> **What to do**: Lines below starting with the line with "x) \<le> (INF" and going on through the line with "proof (rule ereal_le_epsilon2)" must be output exactly; the rest of the records must be left out.

Segment Open

lemma value_eq_INF_curve_cost:
  assumes x: "x \<in> \<Omega>" and boundary: "\<And>y. y \<in> frontier \<Omega> \<Longrightarrow> u y = g y"
  shows "ereal (u x) = (INF p\<in>admissible_curves \<Omega> x. curve_cost l g (fst p) (snd p))"
proof (rule antisym)
  show "ereal (u x) \<le> (INF p\<in>admissible_curves \<Omega> x. curve_cost l g (fst p) (snd p))"
  proof (rule INF_greatest, clarify)
    fix T \<gamma> assume "(T, \<gamma>) \<in> admissible_curves \<Omega> x"
    then have "0 < T" "1-lipschitz_on {0..T} \<gamma>" "\<gamma> ` {0..<T} \<subseteq> \<Omega>" "\<gamma> ` {0..T} \<subseteq> closure \<Omega>"
      "\<gamma> 0 = x" "\<gamma> T \<in> frontier \<Omega>"
      by (simp_all add: admissible_curves_def)
    then show "ereal (u x) \<le> curve_cost l g (fst (T, \<gamma>)) (snd (T, \<gamma>))"
      using u_le_cost_along_curve[of T \<gamma>] boundary[of "\<gamma> T"] by (simp add: curve_cost_def)
  qed
  show "(INF p\<in>admissible_curves \<Omega> x. curve_cost l g (fst p) (snd p)) \<le> ereal (u x)"
  proof (rule ereal_le_epsilon2)
    fix \<epsilon> :: real assume "0 < \<epsilon>"
    then obtain T \<gamma> where adm: "(T, \<gamma>) \<in> admissible_curves \<Omega> x"
      and cost: "enn2ereal (\<integral>\<^sup>+ s. ennreal (l (\<gamma> s)) * indicator {0..T} s \<partial>lborel) + ereal (u (\<gamma> T))
        \<le> ereal (u x) + ereal \<epsilon>"
      using exists_curve_cost_le[OF x] by blast
    have "\<gamma> T \<in> frontier \<Omega>" using adm by (simp add: admissible_curves_def)
    have "(INF p\<in>admissible_curves \<Omega> x. curve_cost l g (fst p) (snd p)) \<le> curve_cost l g T \<gamma>"
      using INF_lower[OF adm, of "\<lambda>p. curve_cost l g (fst p) (snd p)"] by simp
    also have "\<dots> \<le> ereal (u x) + ereal \<epsilon>"
      using cost boundary[OF \<open>\<gamma> T \<in> frontier \<Omega>\<close>] by (simp add: curve_cost_def)
    finally show "(INF p\<in>admissible_curves \<Omega> x. curve_cost l g (fst p) (snd p)) \<le> ereal (u x) + ereal \<epsilon>" .
  qed
qed

end

lemma cont_pointwise_solution_eq_INF_curve_cost:
  fixes \<Omega> :: "'a::metric_space set"
  assumes "compact (UNIV :: 'a set)" "open \<Omega>" "continuous_on \<Omega> l" "0 < c" "\<And>x. x \<in> \<Omega> \<Longrightarrow> c \<le> l x"
    and "cont_pointwise_solution \<Omega> l g u" and "x \<in> \<Omega>"
  shows "ereal (u x) = (INF p\<in>admissible_curves \<Omega> x. curve_cost l g (fst p) (snd p))"
proof -
  interpret eikonal_solution \<Omega> l u c
    using assms by unfold_locales (auto simp: cont_pointwise_solution_def)
  show ?thesis
    using value_eq_INF_curve_cost[OF \<open>x \<in> \<Omega>\<close>] assms(6) by (simp add: cont_pointwise_solution_def)
qed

Segment Closed

> **Answer to the exercise**:
  show "ereal (u x) \<le> (INF p\<in>admissible_curves \<Omega> x. curve_cost l g (fst p) (snd p))"
  proof (rule INF_greatest, clarify)
    fix T \<gamma> assume "(T, \<gamma>) \<in> admissible_curves \<Omega> x"
    then have "0 < T" "1-lipschitz_on {0..T} \<gamma>" "\<gamma> ` {0..<T} \<subseteq> \<Omega>" "\<gamma> ` {0..T} \<subseteq> closure \<Omega>"
      "\<gamma> 0 = x" "\<gamma> T \<in> frontier \<Omega>"
      by (simp_all add: admissible_curves_def)
    then show "ereal (u x) \<le> curve_cost l g (fst (T, \<gamma>)) (snd (T, \<gamma>))"
      using u_le_cost_along_curve[of T \<gamma>] boundary[of "\<gamma> T"] by (simp add: curve_cost_def)
  qed
  show "(INF p\<in>admissible_curves \<Omega> x. curve_cost l g (fst p) (snd p)) \<le> ereal (u x)"
  proof (rule ereal_le_epsilon2)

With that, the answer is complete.